Skill injection: Contextual SKILL.md documents (transaction workflow, market data patterns) are injected into the system prompt based on which tools have been used, providing the LLM with domain-specific guidance without bloating every request.
Verification Strategy
Three deterministic systems run on every response in the onFinish callback:
| System | What It Checks | Weight in Composite |
|---|---|---|
| Output Validation | Min/max length, numeric data present when tools called, disclaimer on forward-looking language, write claims backed by write tool calls | 0.3 |
| Hallucination Detection | Ticker symbols in response exist in tool data, dollar amounts match within 5% or $1, holding claims reference actual tool results | 0.3 |
| Confidence Score | Composite 0-1: tool success rate (0.3), step efficiency (0.1), output validity (0.3), hallucination score (0.3) | — |
Why deterministic: No additional LLM calls = zero latency overhead and zero cost. Cross-references response text against actual tool result data. Catches the most common financial hallucination patterns (phantom tickers, fabricated dollar amounts) with high precision.
Persistence: Results stored on AgentChatLog (verificationScore, verificationResult) and exposed via GET /agent/verification/:requestId.
Eval Results
Framework: evalite — dedicated eval runner with scoring, UI, and CI integration.

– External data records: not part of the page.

theorem theorem3:
  fixes n :: nat and E :: "(nat \<times> nat) set"
    and z :: "nat \<times> nat \<Rightarrow> complex" and y :: "nat \<Rightarrow> complex"
    and V0 :: real and s :: "nat \<Rightarrow> complex"
  assumes "E \<subseteq> {0..n} \<times> {0..n}"
    and "underlying_tree n E"
    and "V0 > 0"
  shows "hhat ` Xset n E z y V0 s = Yhat n E z y V0 s \<and>
         (\<forall>yh\<in>Yhat n E z y V0 s.
            theta_star n E z V0 yh \<in> Theta n \<and>
            h_theta (theta_star n E z V0 yh) yh \<in> Xset n E z y V0 s \<and>
            (\<forall>\<theta>\<in>Theta n. h_theta \<theta> yh \<in> Xset n E z y V0 s \<longrightarrow> \<theta> = theta_star n E z V0 yh))"
proof -
  note Esub = assms(1) and T = assms(2)
  have lift: "h_theta (theta_star n E z V0 yh) yh \<in> Xset n E z y V0 s \<and>
      hhat (h_theta (theta_star n E z V0 yh) yh) = yh \<and>
      (\<forall>\<theta>\<in>Theta n. h_theta \<theta> yh \<in> Xset n E z y V0 s \<longrightarrow> \<theta> = theta_star n E z V0 yh)"
    if "yh \<in> Yhat n E z y V0 s" for yh
  proof -
    obtain P Q l v p0 q0 where yh: "yh = (P, Q, l, v, p0, q0)"
      by (cases yh)
    have in_Xset_iff: "h_theta \<theta> yh \<in> Xset n E z y V0 s \<longleftrightarrow>
        (\<forall>(a, b)\<in>E. cis (\<theta> a - \<theta> b) = cis (beta z V0 yh (a, b)))" if "\<theta> \<in> Theta n" for \<theta>
      using h_theta_in_Xset_iff[where \<theta> = \<theta>, OF Esub \<open>V0 > 0\<close> \<open>yh \<in> _\<close>[unfolded yh] Theta_zero[OF that]]
      unfolding yh .
    show ?thesis
      using in_Xset_iff theta_star_in_Theta theta_star_edge[OF T Esub] theta_star_unique[OF T Esub]
        hhat_h_theta[where \<theta> = "theta_star n E z V0 yh", OF Esub \<open>V0 > 0\<close> \<open>yh \<in> _\<close>[unfolded yh]
          Theta_zero[OF theta_star_in_Theta]]
      unfolding yh by blast
  qed
  then have "Yhat n E z y V0 s \<subseteq> hhat ` Xset n E z y V0 s"
    by (metis image_eqI subsetI)
  then show ?thesis
    using hhat_in_Yhat[OF Esub \<open>V0 > 0\<close>] lift theta_star_in_Theta by blast
qed

end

| Suite | Cases | Pass Rate | Scorers |
|---|---|---|---|
| Golden Set | 19 | 100% | GoldenCheck (deterministic binary) |
| Scenarios | 67 | 91% | ToolCallAccuracy (F1), HasResponse, ResponseQuality (LLM-judged) |
| Total | 86 |
Category breakdown: single-tool (10), multi-tool (10), ambiguous (6), account management (8), activity management (10), watchlist (4), tag (4), multi-step write (4), adversarial write (4), edge cases (7), golden routing (7), golden structural (4), golden behavioral (2), golden guardrails (4).
CI gate: GitHub Actions runs golden set on every push to main. Threshold: 100%. Hits deployed Render instance.
Remaining 9% scenario gap: Agent calls extra tools on ambiguous queries (thorough, not wrong). Write-operation approval is now handled by native needsApproval gates (bypassed in evals via SKIP_APPROVAL=true).
Observability Setup
| Capability | Implementation |
|---|---|
| Trace logging | Structured JSON: chat_start, step_finish (tool names, token usage), verification, chat_complete |
| Latency tracking | Total latencyMs per request, persisted to Postgres |
| Token usage | prompt/completion/total per request, averaged in metrics summary |
| Cost tracking | Model-specific pricing (Sonnet $3/$15, Haiku $1/$5, Opus $15/$75 per MTok), cost.totalUsd and cost.avgPerChatUsd in metrics |
| Error tracking | Errors recorded with sanitized messages (DB URLs, API keys redacted) |
| User feedback | Thumbs up/down per message, unique per (requestId, userId), satisfaction rate in metrics |
| Metrics endpoint | GET /agent/metrics?since=1h — summary, feedback, recent chats |
Key insight: Avg $0.015/chat with Sonnet 4.6, ~5.9s latency, ~1.9 steps per query. Portfolio analysis and market data are the most-used tools.
Open Source Contribution
Eval dataset: 86-case structured JSON dataset (evals/dataset.json) covering tool routing, multi-tool chaining, write operations, adversarial inputs, and edge cases for a financial AI agent. Each case includes input query, expected tools, expected behavioral assertions, and category labels. Published in the repository for reuse by other Ghostfolio agent implementations.